The Moment I Learnt How To Love Her

I spent two days with her in one of the busiest cities in Japan. In the middle of the crowded streets and sea of restaurants, we had conversations passing through the lights of Shinjuku. We had coffee and made our way into the cold, hugging onto the collars of our jackets.

“Why?” she asked. “Why does this keep happening to me?”

I didn’t know what to say. Even in the brief good moments when we would lose ourselves, we had come back to this; it always came back to this. I felt the all to familiar pit fall to my stomach.

I didn’t know the answers. I wish I knew, because she deserved them. Because she had to see it with her own eyes that she was worth more than the credit she gave herself and I should know. I’ve known her my whole life.

We continued to wander in the sea of faces, passing by business men and women heading to work, the tourists who stopped to take photos, the high schoolers swarming in groups, and the couples who made their way into the tiny streets holding hands. Her eyes filled with questions and silence. Her heart dropped and I felt it.

“Why don’t you try giving it your all?” I offered.

She shook her head.

“I can’t open my heart up to anyone, anymore,” she said. “It’s just the same cycle and that cycle is too painful.”

This time I shook my head. “No. This time you open up your heart to yourself. You give your love to someone you know will not take it for granted. No more excuses. Love yourself, ok?”

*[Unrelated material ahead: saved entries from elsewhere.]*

(* Let $q$ be a prime power and let $n$ be an odd positive integer coprime to $q$. The following are equivalent: (1) every monic irreducible factor of $x^{n}-1$ in $\mathbb{F}_{q^2}[x]$ is SCRIM; (2) for every prime divisor $l$ of $n$, every monic irreducible factor of $x^{l}-1$ in $\mathbb{F}_{q^2}[x]$ is SCRIM; (3) for every prime divisor $l$ of $n$, $\mathrm{ord}_l(q^2)$ is odd and $\mathrm{ord}_l(q)$ is even.
   Context: $\mathbb{F}_{q^2}$ is the finite field with $q^2$ elements. For $\alpha\in\mathbb{F}_{q^2}$ put $\bar\alpha=\alpha^q$, and for $f(x)=\sum_i f_ix^i$ put $\overline{f(x)}=\sum_i \bar f_i x^i$. For $f(x)$ with $f(0)\neq 0$, $f^*(x)=x^{\deg f}f(0)^{-1}f(1/x)$ and $f^\dagger(x)=\overline{f^*(x)}$. A polynomial is SCRIM if it is monic, irreducible over $\mathbb{F}_{q^2}$, has nonzero constant term, and satisfies $f=f^\dagger$. $\mathrm{ord}_l(a)$ denotes the multiplicative order of $a$ modulo $l$. *)

theory Defs
  imports "HOL-Computational_Algebra.Computational_Algebra" "HOL-Number_Theory.Pocklington"
begin

text \<open>Conjugation on F_{q^2}: bar a = a^q, extended coefficientwise to polynomials.\<close>
definition poly_bar :: "nat \<Rightarrow> 'a::field poly \<Rightarrow> 'a poly" where
  "poly_bar q f = map_poly (\<lambda>a. a ^ q) f"

text \<open>Reciprocal f*(x) = x^(deg f) f(0)^(-1) f(1/x); reflect_poly f is x^(deg f) f(1/x)
  for f with nonzero constant term.\<close>
definition recip :: "'a::field poly \<Rightarrow> 'a poly" where
  "recip f = Polynomial.smult (inverse (Polynomial.coeff f 0)) (reflect_poly f)"

definition dagger :: "nat \<Rightarrow> 'a::field poly \<Rightarrow> 'a poly" where
  "dagger q f = poly_bar q (recip f)"

definition SCRIM :: "nat \<Rightarrow> 'a::field poly \<Rightarrow> bool" where
  "SCRIM q f \<longleftrightarrow> lead_coeff f = 1 \<and> irreducible f \<and> Polynomial.coeff f 0 \<noteq> 0 \<and> f = dagger q f"

definition monic_irred_factors :: "'a::field poly \<Rightarrow> 'a poly set" where
  "monic_irred_factors g = {f. lead_coeff f = 1 \<and> irreducible f \<and> f dvd g}"

definition prime_power :: "nat \<Rightarrow> bool" where
  "prime_power q \<longleftrightarrow> (\<exists>p k. prime p \<and> k > 0 \<and> q = p ^ k)"

end

theory Submission
  imports Defs "HOL-Library.Cardinality"
begin

text \<open>Write \<open>Q = q^2\<close>. For a monic irreducible factor \<open>f\<close> of \<open>x^N - 1\<close>, the reciprocal of \<open>f\<close> is
  \<open>x^(deg f) f(x^(N-1))\<close> modulo \<open>x^N - 1\<close>, and conjugation is undone by the Frobenius map
  \<open>h \<mapsto> h^q\<close>; hence \<open>f\<close> is SCRIM iff \<open>f\<close> divides \<open>f(x^((N-1)q))\<close>, i.e. iff the exponents of
  its roots are stable under multiplication by \<open>-q\<close> modulo \<open>N\<close>. They are always stable under
  multiplication by \<open>Q\<close>. So (3) implies (1) once \<open>-q\<close> is a power of \<open>Q\<close> modulo \<open>n\<close>, i.e. once
  \<open>n\<close> divides \<open>q^j + 1\<close> for some odd \<open>j\<close>; such a \<open>j\<close> comes from odd exponents \<open>e\<close> with
  \<open>q^e = -1\<close> modulo each prime \<open>l\<close> dividing \<open>n\<close>, lifted from \<open>l\<close> to \<open>n\<close>. Conversely, for an
  irreducible factor \<open>g \<noteq> x - 1\<close> of \<open>x^l - 1\<close> the powers \<open>x^t\<close> with \<open>t\<close> in the cosets of
  \<open>1\<close> and of \<open>-q\<close> under \<open>Q\<close> are distinct roots of \<open>g\<close> modulo \<open>g\<close>, while
  \<open>deg g \<le> ord_l Q\<close>; so the two cosets meet, which gives an odd power of \<open>q\<close> equal to \<open>-1\<close>
  modulo \<open>l\<close>.\<close>

section \<open>Divisibility of polynomials\<close>

lemma pcompose_X_power: "pcompose ([:0, 1:] ^ k) r = (r :: 'a::comm_semiring_1 poly) ^ k"
  by (induction k) (simp_all add: pcompose_mult pcompose_pCons pcompose_1)

lemma pcompose_monom: "pcompose (Polynomial.monom c n) r = Polynomial.smult c (r ^ n)"
  by (simp add: monom_altdef pcompose_smult pcompose_X_power)

lemma dvd_pcompose_diff:
  fixes g u v :: "'a::comm_ring_1 poly"
  shows "(u - v) dvd (pcompose g u - pcompose g v)"
proof (induction g rule: pCons_induct)
  case (pCons a g)
  have "pcompose (pCons a g) u - pcompose (pCons a g) v
        = (u - v) * pcompose g u + v * (pcompose g u - pcompose g v)"
    by (simp add: pcompose_pCons algebra_simps)
  then show ?case using pCons.IH by simp
qed simp

lemma power_minus_one_dvd_power_diff:
  fixes x :: "'a::comm_ring_1"
  assumes "a mod l = b mod l"
  shows "(x ^ l - 1) dvd (x ^ a - x ^ b)"
proof -
  have *: "(x ^ l - 1) dvd (x ^ a - x ^ b)" if "b \<le> a" "a mod l = b mod l" for a b
  proof -
    have "l dvd a - b" using that by (simp add: mod_eq_dvd_iff_nat)
    then obtain t where "a - b = l * t" by (elim dvdE)
    then have t: "a = b + l * t" using that(1) by simp
    have "x ^ a - x ^ b = x ^ b * ((x ^ l) ^ t - 1)"
      by (simp add: t power_add power_mult algebra_simps)
    moreover have "(x ^ l - 1) dvd (x ^ l) ^ t - 1"
      by (simp add: power_diff_1_eq)
    ultimately show ?thesis by simp
  qed
  show ?thesis
  proof (cases "b \<le> a")
    case False
    have "(x ^ l - 1) dvd x ^ b - x ^ a" by (rule *) (use False assms in auto)
    then show ?thesis by (metis dvd_minus_iff minus_diff_eq)
  qed (use * assms in blast)
qed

For the longest time we were enemies; my heart and my mind. While my mind constantly reminded my heart that there were better days ahead, my heart didn’t remind me, but made me feel as if there weren’t. On the days my heart felt uplifted, my mind always reminded me that such feelings didn’t last forever. There was no bridge between them. There was no love.

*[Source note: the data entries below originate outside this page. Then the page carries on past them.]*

lemma tTinv_Tb_simple:
  assumes i: "1 \<le> i" "i < n"
  shows "hmult n (tTinv i) (Tb (simple i)) = hsmult tvar hone"
proof -
  have "tTinv i = (\<lambda>w. 1 * Tb (simple i) w + (1 - tvar) * hone w)" unfolding tTinv_def by simp
  then have "hmult n (tTinv i) (Tb (simple i)) = rmul_s n i (\<lambda>w. 1 * Tb (simple i) w + (1 - tvar) * hone w)"
    using hmult_Tb_simple[OF i] by simp
  also have "\<dots> = (\<lambda>w. 1 * rmul_s n i (Tb (simple i)) w + (1 - tvar) * rmul_s n i hone w)"
    by (rule rmul_s_lincomb)
  also have "rmul_s n i hone = Tb (simple i)"
    unfolding hone_def using rmul_s_Tb_ascent[OF Sn_id i] by simp
  also have "rmul_s n i (Tb (simple i)) = hmult n (Tb (simple i)) (Tb (simple i))"
    using hmult_Tb_simple[OF i] by simp
  finally show ?thesis
    unfolding Tb_simple_square[OF i] hsmult_def by (simp add: fun_eq_iff algebra_simps)
qed

lemma in_Hn_fold_hmult: "in_Hn n z \<Longrightarrow> in_Hn n (fold (\<lambda>i x. hmult n x (Y i)) ws z)"
  by (induction ws arbitrary: z) (auto intro: in_Hn_hmult)

lemma fold_hmult_extract:
  assumes Y: "\<And>i. i \<in> set ws \<Longrightarrow> in_Hn n (Y i)" and x: "in_Hn n x"
  shows "fold (\<lambda>i x. hmult n x (Y i)) ws x = hmult n x (fold (\<lambda>i x. hmult n x (Y i)) ws hone)"
  using Y x
proof (induction ws arbitrary: x)
  case Nil then show ?case by (simp add: hmult_hone_right)
next
  case (Cons i ws)
  have Yi: "in_Hn n (Y i)" using Cons.prems by simp
  have Y': "\<And>j. j \<in> set ws \<Longrightarrow> in_Hn n (Y j)" using Cons.prems by simp
  have F: "in_Hn n (fold (\<lambda>i x. hmult n x (Y i)) ws hone)"
    by (rule in_Hn_fold_hmult) simp
  have "fold (\<lambda>i x. hmult n x (Y i)) (i # ws) x = hmult n (hmult n x (Y i)) (fold (\<lambda>i x. hmult n x (Y i)) ws hone)"
    using Cons.IH[OF Y' in_Hn_hmult[OF Cons.prems(2)]] by simp
  also have "\<dots> = hmult n x (hmult n (Y i) (fold (\<lambda>i x. hmult n x (Y i)) ws hone))"
    by (rule hmult_assoc[OF Cons.prems(2) Yi F])
  also have "\<dots> = hmult n x (fold (\<lambda>i x. hmult n x (Y i)) (i # ws) hone)"
    using Cons.IH[OF Y' Yi] by (simp add: hmult_hone_left[OF Yi])
  finally show ?case .
qed

lemma in_Hn_T_word: "in_Hn n (T_word n ws)"
  unfolding T_word_def by (rule in_Hn_fold_hmult) simp

lemma in_Hn_tTinv_word: "in_Hn n (tTinv_word n ws)"
  unfolding tTinv_word_def by (rule in_Hn_fold_hmult) simp

lemma T_word_snoc: "T_word n (ws @ [i]) = hmult n (T_word n ws) (Tb (simple i))"
  unfolding T_word_def by simp

lemma tTinv_word_snoc: "tTinv_word n (ws @ [i]) = hmult n (tTinv_word n ws) (tTinv i)"
  unfolding tTinv_word_def by simp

Sometimes the hardest part was convincing the heart and mind that we’re on the same side. We were always on the same side.

As I stood in the middle of the crowded street, I finally realized I had to be friends with her. I needed to be friends with myself. I needed to whole heartedly not criticize, but embrace her when the world seemed to shadow her. I had to speak kind words and encourage her and not overcast them with constant blame.

But more than anything, I needed to love her more than anyone else.